Assigned task
In the records below, find the line that contains "using hu by simp" and the line that contains "e + (-\<eta>) *\<^sub>R". Set down exactly those lines and every line between them, and nothing more.

Supplied data

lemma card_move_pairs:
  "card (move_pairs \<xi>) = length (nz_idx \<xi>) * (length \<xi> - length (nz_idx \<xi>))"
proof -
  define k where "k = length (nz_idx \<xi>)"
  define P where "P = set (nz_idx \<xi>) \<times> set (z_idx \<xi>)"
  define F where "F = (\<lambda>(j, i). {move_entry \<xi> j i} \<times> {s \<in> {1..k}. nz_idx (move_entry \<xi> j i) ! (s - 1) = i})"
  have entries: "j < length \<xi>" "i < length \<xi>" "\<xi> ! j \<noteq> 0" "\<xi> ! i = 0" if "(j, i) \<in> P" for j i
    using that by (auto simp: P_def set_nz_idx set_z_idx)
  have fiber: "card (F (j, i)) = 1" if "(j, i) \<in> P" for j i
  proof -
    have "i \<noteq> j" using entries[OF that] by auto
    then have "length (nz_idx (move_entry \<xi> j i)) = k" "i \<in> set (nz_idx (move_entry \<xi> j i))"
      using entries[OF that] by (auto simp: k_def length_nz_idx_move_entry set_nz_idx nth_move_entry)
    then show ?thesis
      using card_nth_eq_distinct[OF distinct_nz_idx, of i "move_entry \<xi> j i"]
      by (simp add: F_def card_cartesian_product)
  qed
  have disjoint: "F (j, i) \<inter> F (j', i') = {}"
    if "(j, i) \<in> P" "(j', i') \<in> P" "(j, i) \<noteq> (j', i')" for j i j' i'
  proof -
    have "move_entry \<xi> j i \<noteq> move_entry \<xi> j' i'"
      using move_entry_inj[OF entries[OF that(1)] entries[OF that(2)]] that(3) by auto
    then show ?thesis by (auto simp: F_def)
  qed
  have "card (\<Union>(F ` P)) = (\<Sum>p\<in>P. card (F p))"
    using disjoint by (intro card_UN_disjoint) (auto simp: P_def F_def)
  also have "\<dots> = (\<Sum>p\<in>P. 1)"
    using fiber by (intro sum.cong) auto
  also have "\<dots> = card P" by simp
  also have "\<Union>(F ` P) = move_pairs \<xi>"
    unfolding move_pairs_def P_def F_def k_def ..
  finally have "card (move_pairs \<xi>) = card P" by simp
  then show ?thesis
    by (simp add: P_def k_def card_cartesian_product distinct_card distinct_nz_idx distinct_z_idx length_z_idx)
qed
* * *
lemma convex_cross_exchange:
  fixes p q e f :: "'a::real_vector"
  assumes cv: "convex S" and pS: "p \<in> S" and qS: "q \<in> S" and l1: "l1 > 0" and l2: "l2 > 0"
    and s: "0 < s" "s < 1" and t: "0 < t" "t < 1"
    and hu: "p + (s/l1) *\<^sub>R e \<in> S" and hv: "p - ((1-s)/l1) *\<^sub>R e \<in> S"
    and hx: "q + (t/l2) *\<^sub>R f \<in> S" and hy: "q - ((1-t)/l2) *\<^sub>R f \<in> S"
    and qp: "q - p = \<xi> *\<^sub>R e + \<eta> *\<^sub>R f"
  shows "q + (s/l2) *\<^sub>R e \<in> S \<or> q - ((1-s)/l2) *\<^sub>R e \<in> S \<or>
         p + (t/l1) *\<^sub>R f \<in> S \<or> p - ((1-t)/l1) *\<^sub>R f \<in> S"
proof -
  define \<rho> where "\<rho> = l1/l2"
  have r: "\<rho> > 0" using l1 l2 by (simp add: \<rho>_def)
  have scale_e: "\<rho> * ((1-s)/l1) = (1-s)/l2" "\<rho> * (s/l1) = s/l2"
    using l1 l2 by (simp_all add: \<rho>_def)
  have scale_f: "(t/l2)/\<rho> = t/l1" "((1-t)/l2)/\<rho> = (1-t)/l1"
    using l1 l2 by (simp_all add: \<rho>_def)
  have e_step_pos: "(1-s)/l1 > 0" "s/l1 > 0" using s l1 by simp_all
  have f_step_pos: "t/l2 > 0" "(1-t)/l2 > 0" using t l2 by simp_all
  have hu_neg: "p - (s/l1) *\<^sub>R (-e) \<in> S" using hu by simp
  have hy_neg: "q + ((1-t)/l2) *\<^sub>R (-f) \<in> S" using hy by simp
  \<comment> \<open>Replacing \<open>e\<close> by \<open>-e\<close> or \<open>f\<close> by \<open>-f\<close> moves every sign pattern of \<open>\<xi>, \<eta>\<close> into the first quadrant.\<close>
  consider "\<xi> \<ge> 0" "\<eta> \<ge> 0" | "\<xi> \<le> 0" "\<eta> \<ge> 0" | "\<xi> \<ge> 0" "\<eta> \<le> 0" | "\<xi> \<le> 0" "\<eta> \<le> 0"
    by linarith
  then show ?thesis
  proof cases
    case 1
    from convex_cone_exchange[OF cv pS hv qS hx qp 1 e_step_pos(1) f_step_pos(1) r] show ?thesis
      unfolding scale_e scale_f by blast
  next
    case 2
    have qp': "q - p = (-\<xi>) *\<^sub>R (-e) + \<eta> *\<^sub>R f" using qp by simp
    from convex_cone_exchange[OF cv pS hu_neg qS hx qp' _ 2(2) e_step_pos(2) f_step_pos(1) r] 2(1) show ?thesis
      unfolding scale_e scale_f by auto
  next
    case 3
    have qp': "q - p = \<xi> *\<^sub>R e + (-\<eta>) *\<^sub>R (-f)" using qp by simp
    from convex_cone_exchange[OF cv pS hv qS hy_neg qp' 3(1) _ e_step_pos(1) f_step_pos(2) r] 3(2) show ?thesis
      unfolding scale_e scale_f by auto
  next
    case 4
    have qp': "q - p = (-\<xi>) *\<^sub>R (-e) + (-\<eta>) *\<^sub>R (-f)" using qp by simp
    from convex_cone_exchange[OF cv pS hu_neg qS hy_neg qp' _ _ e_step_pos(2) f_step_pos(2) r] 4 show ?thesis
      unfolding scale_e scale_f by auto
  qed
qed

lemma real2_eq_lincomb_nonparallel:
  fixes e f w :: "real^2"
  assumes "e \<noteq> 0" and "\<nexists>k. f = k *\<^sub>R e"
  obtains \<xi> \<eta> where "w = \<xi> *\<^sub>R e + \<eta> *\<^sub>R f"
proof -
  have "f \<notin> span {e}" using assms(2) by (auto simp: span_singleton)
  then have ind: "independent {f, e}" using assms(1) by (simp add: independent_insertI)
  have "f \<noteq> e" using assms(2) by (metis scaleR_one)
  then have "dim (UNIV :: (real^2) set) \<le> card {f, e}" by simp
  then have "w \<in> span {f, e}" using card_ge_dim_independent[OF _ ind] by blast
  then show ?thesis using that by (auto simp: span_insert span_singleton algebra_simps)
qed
* * *
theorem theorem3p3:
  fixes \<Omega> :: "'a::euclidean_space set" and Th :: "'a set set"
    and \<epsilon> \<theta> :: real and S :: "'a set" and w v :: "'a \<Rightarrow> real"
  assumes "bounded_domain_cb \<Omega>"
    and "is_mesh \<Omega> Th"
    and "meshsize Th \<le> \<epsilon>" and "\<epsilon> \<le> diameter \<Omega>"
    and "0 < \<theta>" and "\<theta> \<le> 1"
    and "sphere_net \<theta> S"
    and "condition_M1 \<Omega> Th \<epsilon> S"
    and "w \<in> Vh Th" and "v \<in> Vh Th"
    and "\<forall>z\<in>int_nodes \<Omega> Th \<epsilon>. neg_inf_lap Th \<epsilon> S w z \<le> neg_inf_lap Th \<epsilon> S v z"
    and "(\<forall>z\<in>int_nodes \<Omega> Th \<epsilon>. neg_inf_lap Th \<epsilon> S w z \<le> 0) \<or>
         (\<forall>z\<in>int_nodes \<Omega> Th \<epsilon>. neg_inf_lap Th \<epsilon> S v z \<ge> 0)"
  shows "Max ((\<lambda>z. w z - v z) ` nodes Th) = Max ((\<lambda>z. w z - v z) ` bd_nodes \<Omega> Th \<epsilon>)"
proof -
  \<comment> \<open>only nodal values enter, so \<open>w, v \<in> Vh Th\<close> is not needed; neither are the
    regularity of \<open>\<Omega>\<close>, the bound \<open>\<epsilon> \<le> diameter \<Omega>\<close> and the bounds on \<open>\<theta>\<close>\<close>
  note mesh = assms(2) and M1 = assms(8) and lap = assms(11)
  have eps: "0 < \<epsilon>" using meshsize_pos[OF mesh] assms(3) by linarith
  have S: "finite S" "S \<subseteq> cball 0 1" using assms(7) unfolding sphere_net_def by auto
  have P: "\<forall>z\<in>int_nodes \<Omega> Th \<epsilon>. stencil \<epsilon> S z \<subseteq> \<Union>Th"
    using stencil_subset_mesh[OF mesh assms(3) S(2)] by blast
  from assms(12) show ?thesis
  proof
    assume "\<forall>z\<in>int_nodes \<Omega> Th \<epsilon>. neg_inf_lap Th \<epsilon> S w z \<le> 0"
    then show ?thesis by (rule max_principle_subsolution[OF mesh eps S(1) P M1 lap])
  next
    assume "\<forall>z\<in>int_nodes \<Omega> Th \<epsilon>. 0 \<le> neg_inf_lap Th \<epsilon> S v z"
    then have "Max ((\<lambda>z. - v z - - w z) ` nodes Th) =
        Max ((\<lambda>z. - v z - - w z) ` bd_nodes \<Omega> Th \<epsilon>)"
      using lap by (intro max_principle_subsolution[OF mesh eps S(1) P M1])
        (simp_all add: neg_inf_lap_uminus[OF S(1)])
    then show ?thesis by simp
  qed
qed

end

The answer
  have hu_neg: "p - (s/l1) *\<^sub>R (-e) \<in> S" using hu by simp
  have hy_neg: "q + ((1-t)/l2) *\<^sub>R (-f) \<in> S" using hy by simp
  \<comment> \<open>Replacing \<open>e\<close> by \<open>-e\<close> or \<open>f\<close> by \<open>-f\<close> moves every sign pattern of \<open>\<xi>, \<eta>\<close> into the first quadrant.\<close>
  consider "\<xi> \<ge> 0" "\<eta> \<ge> 0" | "\<xi> \<le> 0" "\<eta> \<ge> 0" | "\<xi> \<ge> 0" "\<eta> \<le> 0" | "\<xi> \<le> 0" "\<eta> \<le> 0"
    by linarith
  then show ?thesis
  proof cases
    case 1
    from convex_cone_exchange[OF cv pS hv qS hx qp 1 e_step_pos(1) f_step_pos(1) r] show ?thesis
      unfolding scale_e scale_f by blast
  next
    case 2
    have qp': "q - p = (-\<xi>) *\<^sub>R (-e) + \<eta> *\<^sub>R f" using qp by simp
    from convex_cone_exchange[OF cv pS hu_neg qS hx qp' _ 2(2) e_step_pos(2) f_step_pos(1) r] 2(1) show ?thesis
      unfolding scale_e scale_f by auto
  next
    case 3
    have qp': "q - p = \<xi> *\<^sub>R e + (-\<eta>) *\<^sub>R (-f)" using qp by simp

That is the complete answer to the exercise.